◆ Information shown ◆
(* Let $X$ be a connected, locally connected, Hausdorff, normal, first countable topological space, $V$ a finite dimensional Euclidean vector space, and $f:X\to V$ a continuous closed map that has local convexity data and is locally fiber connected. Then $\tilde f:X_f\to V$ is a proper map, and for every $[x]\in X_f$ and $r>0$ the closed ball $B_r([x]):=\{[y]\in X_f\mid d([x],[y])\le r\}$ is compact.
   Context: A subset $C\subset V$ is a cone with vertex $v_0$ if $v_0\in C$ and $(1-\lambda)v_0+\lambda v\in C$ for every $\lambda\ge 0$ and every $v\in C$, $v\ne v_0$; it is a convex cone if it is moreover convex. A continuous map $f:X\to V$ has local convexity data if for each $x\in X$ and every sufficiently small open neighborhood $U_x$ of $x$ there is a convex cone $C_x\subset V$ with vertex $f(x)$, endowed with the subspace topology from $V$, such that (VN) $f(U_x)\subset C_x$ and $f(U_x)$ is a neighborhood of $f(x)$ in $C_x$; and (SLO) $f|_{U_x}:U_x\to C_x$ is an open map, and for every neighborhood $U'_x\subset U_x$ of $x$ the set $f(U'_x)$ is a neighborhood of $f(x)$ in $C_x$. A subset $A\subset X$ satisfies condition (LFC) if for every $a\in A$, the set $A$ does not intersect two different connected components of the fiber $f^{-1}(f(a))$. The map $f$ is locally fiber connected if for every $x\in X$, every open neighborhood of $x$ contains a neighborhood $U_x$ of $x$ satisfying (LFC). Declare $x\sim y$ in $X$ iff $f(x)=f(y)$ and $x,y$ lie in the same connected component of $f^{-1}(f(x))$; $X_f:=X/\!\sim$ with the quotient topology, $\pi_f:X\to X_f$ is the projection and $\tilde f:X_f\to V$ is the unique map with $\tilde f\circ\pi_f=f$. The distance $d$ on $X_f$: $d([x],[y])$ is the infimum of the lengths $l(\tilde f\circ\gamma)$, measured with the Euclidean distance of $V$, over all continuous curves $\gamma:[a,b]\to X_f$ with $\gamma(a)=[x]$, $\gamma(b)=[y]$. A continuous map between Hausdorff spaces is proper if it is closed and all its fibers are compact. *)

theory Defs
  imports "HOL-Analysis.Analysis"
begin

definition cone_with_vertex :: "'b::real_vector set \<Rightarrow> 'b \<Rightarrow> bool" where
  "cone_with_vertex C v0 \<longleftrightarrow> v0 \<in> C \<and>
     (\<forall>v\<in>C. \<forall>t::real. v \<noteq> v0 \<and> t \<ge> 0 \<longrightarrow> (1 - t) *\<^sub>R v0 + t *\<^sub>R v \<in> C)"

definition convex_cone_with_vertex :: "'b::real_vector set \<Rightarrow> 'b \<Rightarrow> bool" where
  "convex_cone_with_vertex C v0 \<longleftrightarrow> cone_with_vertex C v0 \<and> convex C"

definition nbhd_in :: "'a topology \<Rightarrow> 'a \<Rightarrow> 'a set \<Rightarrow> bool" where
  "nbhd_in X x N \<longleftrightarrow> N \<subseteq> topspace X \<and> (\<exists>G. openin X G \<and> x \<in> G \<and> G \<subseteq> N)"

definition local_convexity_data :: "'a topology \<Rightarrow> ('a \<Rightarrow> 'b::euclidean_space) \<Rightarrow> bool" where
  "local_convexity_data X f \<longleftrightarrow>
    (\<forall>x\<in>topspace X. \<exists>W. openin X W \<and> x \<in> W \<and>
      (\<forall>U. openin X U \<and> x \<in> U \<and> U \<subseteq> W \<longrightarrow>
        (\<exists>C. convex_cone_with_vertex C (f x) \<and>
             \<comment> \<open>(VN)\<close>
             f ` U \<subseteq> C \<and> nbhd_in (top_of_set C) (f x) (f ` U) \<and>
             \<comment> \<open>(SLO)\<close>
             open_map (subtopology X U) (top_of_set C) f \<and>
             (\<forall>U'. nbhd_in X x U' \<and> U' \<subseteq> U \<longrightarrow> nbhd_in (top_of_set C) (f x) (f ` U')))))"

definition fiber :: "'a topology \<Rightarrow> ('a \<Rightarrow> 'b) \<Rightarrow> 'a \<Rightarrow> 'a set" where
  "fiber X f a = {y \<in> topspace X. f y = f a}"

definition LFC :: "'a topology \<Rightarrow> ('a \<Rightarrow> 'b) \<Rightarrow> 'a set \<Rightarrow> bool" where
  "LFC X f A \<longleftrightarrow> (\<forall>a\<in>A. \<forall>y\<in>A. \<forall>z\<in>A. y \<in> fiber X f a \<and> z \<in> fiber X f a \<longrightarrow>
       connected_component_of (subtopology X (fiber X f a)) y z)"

--

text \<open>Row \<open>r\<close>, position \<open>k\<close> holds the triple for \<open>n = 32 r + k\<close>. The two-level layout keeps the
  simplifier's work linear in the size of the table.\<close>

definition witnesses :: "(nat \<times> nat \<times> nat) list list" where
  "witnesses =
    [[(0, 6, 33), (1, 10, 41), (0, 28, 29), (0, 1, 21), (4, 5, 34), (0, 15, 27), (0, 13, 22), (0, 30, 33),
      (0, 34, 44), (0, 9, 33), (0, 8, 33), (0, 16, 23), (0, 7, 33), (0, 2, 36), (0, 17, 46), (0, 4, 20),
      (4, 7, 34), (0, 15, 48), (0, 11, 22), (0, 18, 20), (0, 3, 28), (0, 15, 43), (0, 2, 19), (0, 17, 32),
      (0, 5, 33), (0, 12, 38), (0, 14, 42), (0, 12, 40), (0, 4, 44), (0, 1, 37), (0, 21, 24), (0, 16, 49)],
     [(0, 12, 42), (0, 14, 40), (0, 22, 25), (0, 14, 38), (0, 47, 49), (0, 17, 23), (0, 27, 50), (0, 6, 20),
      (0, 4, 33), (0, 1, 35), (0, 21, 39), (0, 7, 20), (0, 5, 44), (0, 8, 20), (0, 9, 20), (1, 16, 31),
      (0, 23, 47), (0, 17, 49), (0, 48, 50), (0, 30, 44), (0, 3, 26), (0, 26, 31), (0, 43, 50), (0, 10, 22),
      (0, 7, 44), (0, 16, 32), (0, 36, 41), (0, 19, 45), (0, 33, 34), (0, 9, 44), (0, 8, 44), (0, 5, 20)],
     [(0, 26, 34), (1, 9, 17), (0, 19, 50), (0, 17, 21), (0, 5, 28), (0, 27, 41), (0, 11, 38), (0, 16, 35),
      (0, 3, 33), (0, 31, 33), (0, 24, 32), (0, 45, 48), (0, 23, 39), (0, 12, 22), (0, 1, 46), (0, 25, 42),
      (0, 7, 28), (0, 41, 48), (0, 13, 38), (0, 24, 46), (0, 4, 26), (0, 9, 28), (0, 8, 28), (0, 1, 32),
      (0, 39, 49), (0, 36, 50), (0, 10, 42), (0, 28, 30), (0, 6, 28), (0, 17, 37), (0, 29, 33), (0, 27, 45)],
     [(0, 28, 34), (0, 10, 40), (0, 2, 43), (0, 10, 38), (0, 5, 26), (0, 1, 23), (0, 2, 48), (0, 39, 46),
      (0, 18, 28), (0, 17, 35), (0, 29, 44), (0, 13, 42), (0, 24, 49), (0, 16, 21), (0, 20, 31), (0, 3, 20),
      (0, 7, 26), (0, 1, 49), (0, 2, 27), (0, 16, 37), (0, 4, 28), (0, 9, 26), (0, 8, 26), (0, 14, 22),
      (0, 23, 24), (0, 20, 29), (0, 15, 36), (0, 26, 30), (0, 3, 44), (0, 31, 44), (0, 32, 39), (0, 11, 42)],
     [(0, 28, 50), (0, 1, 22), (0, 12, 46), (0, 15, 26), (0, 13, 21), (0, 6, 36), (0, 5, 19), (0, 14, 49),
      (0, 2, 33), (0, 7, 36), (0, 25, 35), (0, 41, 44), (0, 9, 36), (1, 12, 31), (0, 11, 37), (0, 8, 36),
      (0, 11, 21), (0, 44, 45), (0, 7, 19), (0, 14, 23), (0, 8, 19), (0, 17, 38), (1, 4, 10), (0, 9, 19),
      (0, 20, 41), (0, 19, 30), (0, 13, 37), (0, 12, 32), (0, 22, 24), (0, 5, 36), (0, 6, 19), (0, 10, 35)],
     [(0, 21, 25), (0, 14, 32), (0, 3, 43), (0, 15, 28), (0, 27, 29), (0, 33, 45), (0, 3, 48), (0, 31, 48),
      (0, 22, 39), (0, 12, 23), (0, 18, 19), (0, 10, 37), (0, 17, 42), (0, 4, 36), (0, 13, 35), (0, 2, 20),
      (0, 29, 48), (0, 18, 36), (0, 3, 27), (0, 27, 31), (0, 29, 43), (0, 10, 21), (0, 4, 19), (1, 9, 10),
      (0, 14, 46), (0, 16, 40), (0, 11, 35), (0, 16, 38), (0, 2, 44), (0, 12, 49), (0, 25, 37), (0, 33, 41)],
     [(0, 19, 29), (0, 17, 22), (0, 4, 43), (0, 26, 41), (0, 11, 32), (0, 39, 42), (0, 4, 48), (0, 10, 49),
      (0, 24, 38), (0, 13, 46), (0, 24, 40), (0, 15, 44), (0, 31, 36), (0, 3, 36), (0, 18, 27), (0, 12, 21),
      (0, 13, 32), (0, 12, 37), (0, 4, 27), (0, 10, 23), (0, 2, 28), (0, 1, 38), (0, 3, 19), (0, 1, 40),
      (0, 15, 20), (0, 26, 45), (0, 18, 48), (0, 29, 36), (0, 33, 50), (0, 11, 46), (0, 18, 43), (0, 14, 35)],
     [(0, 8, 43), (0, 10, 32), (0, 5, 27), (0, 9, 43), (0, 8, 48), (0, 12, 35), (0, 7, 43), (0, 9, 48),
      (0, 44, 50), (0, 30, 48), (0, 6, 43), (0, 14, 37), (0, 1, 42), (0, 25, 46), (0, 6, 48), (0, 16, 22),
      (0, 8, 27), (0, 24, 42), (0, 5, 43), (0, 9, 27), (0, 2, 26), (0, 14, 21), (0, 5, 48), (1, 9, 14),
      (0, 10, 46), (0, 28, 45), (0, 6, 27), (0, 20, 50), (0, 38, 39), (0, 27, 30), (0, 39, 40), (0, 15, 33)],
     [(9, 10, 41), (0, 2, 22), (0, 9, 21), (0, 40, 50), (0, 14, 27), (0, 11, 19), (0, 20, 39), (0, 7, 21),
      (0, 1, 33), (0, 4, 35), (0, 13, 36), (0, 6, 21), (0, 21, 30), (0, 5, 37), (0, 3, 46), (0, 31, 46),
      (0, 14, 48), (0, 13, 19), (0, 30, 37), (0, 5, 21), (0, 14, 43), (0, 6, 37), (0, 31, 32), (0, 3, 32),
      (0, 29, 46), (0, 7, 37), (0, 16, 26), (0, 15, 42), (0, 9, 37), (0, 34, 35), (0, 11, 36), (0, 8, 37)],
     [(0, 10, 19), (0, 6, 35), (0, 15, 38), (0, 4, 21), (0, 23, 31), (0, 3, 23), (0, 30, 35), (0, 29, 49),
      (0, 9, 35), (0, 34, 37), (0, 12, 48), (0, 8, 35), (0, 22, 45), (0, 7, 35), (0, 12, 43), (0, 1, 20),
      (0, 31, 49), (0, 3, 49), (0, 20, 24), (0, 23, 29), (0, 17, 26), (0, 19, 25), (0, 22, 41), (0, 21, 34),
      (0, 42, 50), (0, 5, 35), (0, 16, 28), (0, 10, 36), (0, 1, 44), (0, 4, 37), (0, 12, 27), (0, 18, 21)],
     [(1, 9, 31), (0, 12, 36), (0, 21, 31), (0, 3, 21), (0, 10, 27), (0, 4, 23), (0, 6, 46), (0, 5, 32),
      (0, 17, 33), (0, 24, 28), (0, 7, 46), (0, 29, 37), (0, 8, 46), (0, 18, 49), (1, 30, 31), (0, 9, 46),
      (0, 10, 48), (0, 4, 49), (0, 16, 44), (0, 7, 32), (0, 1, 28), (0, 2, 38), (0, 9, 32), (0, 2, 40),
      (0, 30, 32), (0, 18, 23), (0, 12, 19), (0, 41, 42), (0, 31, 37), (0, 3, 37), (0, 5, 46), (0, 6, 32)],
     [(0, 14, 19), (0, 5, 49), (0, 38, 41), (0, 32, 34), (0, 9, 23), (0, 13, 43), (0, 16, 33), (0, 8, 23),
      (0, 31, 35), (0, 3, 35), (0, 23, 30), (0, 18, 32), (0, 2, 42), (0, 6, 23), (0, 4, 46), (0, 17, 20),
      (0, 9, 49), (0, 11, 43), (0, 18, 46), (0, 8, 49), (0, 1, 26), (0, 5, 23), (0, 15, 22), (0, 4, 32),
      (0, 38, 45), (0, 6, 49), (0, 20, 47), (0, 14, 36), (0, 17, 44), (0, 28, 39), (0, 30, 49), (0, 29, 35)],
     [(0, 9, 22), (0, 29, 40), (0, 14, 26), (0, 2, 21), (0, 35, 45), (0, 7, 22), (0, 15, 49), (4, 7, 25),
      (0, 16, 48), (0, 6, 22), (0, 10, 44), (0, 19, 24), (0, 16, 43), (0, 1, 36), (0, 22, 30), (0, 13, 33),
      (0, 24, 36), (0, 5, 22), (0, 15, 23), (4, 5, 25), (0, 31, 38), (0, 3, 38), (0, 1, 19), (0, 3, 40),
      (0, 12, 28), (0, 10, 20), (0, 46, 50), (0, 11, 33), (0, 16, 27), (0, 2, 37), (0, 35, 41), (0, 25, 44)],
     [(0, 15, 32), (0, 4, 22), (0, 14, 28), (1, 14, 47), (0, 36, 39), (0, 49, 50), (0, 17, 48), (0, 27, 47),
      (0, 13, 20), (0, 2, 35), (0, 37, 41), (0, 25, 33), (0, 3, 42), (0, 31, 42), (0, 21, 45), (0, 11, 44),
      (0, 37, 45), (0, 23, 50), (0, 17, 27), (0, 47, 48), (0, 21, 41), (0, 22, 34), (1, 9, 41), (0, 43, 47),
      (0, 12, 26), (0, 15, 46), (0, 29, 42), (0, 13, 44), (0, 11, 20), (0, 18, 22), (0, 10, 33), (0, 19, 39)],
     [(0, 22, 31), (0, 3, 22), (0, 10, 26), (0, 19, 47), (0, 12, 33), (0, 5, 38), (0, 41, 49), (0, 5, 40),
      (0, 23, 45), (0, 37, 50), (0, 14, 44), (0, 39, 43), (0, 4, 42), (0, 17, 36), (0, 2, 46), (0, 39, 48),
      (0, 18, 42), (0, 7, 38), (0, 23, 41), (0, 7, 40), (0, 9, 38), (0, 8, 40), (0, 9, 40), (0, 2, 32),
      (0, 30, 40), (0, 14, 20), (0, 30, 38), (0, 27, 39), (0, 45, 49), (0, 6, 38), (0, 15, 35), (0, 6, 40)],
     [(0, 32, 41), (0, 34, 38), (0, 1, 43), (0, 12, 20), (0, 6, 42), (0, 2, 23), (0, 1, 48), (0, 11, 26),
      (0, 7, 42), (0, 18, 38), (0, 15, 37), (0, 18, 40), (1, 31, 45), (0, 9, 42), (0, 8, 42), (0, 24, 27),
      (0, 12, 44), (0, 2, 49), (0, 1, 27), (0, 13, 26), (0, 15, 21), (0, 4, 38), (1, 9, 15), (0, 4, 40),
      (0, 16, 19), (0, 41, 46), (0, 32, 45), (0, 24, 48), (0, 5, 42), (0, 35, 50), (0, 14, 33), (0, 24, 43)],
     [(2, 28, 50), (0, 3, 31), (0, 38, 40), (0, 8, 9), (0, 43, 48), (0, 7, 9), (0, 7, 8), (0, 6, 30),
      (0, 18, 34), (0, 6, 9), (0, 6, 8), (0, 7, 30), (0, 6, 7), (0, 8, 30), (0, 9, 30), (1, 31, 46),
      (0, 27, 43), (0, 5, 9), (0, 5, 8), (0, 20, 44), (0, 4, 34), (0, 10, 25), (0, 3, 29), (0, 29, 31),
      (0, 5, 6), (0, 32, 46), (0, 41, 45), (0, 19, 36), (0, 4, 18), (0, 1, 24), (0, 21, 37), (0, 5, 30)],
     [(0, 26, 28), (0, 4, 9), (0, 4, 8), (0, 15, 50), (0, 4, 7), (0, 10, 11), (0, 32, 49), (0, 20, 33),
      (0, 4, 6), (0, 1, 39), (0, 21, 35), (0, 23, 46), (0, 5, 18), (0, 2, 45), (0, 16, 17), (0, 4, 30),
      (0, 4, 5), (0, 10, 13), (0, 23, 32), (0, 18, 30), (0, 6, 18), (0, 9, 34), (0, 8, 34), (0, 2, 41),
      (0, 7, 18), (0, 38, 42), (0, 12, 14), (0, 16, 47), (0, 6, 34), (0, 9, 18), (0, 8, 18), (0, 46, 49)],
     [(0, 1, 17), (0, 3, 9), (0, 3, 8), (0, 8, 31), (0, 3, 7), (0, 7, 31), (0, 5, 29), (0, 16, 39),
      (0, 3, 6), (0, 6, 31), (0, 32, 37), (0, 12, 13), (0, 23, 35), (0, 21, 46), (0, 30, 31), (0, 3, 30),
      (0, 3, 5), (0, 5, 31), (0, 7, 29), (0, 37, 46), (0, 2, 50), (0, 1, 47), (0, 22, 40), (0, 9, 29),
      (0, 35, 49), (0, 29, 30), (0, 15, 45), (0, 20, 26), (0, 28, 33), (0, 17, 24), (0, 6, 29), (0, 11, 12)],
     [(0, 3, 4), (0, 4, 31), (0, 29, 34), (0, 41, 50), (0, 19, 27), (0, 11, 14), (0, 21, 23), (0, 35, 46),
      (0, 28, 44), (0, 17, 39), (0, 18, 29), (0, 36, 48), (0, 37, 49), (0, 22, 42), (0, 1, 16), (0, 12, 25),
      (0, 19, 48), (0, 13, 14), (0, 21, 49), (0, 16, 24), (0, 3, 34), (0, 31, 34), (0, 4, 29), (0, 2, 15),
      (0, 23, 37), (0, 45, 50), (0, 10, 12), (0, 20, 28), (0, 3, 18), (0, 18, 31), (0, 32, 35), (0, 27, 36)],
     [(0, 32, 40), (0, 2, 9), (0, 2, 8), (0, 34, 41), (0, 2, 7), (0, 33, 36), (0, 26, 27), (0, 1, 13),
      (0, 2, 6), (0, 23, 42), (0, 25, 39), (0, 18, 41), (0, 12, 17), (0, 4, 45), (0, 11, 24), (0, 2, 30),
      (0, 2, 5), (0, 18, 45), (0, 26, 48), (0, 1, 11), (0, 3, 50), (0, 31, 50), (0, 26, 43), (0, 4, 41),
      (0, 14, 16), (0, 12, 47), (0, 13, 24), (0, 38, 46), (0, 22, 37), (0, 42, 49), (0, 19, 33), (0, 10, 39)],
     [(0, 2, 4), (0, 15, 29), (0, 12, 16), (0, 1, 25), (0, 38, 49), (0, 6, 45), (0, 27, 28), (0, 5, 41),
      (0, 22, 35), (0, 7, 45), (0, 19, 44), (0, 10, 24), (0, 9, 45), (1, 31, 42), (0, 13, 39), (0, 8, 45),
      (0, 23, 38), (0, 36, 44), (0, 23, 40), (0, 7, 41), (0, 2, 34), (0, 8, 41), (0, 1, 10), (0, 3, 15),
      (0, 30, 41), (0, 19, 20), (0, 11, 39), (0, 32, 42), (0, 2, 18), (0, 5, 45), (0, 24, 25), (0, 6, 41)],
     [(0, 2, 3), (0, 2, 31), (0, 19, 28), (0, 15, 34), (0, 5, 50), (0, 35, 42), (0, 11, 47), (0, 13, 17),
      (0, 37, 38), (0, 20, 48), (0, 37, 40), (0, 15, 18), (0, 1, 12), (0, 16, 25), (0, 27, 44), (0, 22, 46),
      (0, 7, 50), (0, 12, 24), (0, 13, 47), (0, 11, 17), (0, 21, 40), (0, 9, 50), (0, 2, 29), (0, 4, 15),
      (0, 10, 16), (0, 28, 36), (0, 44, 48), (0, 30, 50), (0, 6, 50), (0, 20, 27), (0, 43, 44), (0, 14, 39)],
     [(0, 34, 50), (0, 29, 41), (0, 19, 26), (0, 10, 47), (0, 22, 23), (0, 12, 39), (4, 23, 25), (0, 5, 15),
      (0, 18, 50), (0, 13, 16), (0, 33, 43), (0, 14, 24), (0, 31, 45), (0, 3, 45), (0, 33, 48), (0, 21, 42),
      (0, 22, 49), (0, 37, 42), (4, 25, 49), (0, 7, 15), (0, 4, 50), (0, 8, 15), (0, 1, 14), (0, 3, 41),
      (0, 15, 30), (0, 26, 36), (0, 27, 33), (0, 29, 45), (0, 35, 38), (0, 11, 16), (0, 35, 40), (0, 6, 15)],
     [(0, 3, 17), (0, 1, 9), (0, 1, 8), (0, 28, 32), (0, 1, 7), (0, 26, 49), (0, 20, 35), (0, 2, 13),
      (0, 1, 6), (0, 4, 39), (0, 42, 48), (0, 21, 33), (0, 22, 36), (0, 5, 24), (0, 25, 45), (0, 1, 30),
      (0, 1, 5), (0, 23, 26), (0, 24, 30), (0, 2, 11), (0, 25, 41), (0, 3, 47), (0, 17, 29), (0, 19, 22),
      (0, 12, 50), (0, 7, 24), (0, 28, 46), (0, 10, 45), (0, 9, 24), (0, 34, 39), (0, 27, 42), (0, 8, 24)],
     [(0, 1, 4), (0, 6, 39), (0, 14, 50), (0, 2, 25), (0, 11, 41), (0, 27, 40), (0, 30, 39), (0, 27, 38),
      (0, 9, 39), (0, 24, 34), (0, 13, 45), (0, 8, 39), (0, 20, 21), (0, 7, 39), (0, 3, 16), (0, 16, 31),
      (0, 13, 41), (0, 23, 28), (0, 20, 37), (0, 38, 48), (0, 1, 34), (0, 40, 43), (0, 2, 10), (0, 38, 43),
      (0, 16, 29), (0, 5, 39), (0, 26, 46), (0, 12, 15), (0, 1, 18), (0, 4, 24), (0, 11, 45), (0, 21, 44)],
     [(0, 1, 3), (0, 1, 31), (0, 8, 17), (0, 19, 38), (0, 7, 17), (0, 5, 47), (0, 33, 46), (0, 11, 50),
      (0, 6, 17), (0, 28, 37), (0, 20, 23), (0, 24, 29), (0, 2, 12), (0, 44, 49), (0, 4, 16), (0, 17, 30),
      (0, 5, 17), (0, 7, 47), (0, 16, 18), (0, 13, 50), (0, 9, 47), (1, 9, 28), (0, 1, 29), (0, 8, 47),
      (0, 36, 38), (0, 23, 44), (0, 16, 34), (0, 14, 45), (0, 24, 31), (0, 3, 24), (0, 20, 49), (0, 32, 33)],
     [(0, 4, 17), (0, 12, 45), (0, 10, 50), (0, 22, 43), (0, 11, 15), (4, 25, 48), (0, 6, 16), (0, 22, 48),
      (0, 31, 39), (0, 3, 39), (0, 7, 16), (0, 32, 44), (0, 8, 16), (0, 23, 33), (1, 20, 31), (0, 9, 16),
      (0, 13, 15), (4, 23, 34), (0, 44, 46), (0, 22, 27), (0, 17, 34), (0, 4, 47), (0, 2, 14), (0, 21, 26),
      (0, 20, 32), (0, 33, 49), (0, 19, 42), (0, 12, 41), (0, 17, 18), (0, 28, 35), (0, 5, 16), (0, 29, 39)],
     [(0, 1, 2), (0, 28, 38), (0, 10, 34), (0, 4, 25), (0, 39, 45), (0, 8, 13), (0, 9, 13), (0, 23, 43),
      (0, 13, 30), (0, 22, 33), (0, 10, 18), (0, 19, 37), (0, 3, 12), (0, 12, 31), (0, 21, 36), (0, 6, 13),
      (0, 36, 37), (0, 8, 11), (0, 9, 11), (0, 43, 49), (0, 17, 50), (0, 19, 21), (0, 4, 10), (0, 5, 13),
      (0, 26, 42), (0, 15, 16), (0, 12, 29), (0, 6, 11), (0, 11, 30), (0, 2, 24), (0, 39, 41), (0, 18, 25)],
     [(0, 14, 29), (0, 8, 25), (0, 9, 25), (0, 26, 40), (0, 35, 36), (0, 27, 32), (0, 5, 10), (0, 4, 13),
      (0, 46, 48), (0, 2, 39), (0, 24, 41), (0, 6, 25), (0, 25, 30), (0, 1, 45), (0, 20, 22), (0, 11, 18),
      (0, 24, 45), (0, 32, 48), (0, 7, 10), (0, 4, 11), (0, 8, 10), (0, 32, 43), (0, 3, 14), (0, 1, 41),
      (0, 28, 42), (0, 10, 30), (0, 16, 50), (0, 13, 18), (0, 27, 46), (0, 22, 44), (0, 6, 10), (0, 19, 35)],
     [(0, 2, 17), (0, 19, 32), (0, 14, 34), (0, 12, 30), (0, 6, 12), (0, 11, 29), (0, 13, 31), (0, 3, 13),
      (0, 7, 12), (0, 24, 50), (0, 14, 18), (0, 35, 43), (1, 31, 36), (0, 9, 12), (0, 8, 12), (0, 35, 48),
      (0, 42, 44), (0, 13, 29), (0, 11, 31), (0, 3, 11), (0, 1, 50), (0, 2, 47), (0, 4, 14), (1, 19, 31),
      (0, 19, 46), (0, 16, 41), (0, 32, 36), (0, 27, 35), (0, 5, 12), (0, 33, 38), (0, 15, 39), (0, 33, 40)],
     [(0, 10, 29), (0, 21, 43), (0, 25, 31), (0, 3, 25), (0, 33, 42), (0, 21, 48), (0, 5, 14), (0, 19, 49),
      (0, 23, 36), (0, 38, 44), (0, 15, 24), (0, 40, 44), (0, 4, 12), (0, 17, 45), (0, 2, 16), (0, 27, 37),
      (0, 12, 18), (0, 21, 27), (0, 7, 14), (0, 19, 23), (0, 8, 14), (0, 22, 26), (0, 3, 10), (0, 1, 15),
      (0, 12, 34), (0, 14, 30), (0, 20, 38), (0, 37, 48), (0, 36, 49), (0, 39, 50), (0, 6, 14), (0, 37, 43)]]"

...

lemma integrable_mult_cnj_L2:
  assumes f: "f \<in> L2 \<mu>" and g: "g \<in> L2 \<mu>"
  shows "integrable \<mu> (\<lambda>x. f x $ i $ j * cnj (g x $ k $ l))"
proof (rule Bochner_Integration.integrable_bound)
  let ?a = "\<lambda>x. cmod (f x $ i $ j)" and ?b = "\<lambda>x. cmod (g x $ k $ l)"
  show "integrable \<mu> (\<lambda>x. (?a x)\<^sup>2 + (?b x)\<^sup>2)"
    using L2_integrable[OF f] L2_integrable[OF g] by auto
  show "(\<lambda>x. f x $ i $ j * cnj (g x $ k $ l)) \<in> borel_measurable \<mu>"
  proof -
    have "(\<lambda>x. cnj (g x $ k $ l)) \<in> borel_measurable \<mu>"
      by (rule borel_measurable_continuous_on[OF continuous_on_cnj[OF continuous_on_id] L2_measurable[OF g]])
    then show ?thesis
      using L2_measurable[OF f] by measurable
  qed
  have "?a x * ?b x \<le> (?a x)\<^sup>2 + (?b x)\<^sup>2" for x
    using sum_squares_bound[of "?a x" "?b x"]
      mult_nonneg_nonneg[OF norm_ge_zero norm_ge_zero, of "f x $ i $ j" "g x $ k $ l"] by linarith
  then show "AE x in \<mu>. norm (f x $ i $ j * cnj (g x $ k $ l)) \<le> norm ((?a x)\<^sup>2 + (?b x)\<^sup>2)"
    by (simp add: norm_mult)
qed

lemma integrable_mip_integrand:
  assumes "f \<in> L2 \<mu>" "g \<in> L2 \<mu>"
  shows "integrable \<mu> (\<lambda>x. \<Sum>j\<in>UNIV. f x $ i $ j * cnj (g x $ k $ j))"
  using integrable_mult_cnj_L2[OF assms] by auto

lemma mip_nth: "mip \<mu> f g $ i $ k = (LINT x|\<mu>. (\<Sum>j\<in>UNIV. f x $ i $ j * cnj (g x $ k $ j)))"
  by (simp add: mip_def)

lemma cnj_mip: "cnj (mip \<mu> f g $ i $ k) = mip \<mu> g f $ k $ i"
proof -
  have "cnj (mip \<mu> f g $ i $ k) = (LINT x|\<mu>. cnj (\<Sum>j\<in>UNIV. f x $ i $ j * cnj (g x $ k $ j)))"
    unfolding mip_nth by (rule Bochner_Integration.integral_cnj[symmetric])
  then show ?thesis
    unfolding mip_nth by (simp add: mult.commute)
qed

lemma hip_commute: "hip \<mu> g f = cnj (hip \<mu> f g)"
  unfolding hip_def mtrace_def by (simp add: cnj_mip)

◆ Assigned task ◆
Your reply should be the number of lines in the listing above that contain "bool", with nothing added.

◆ Written answer ◆
5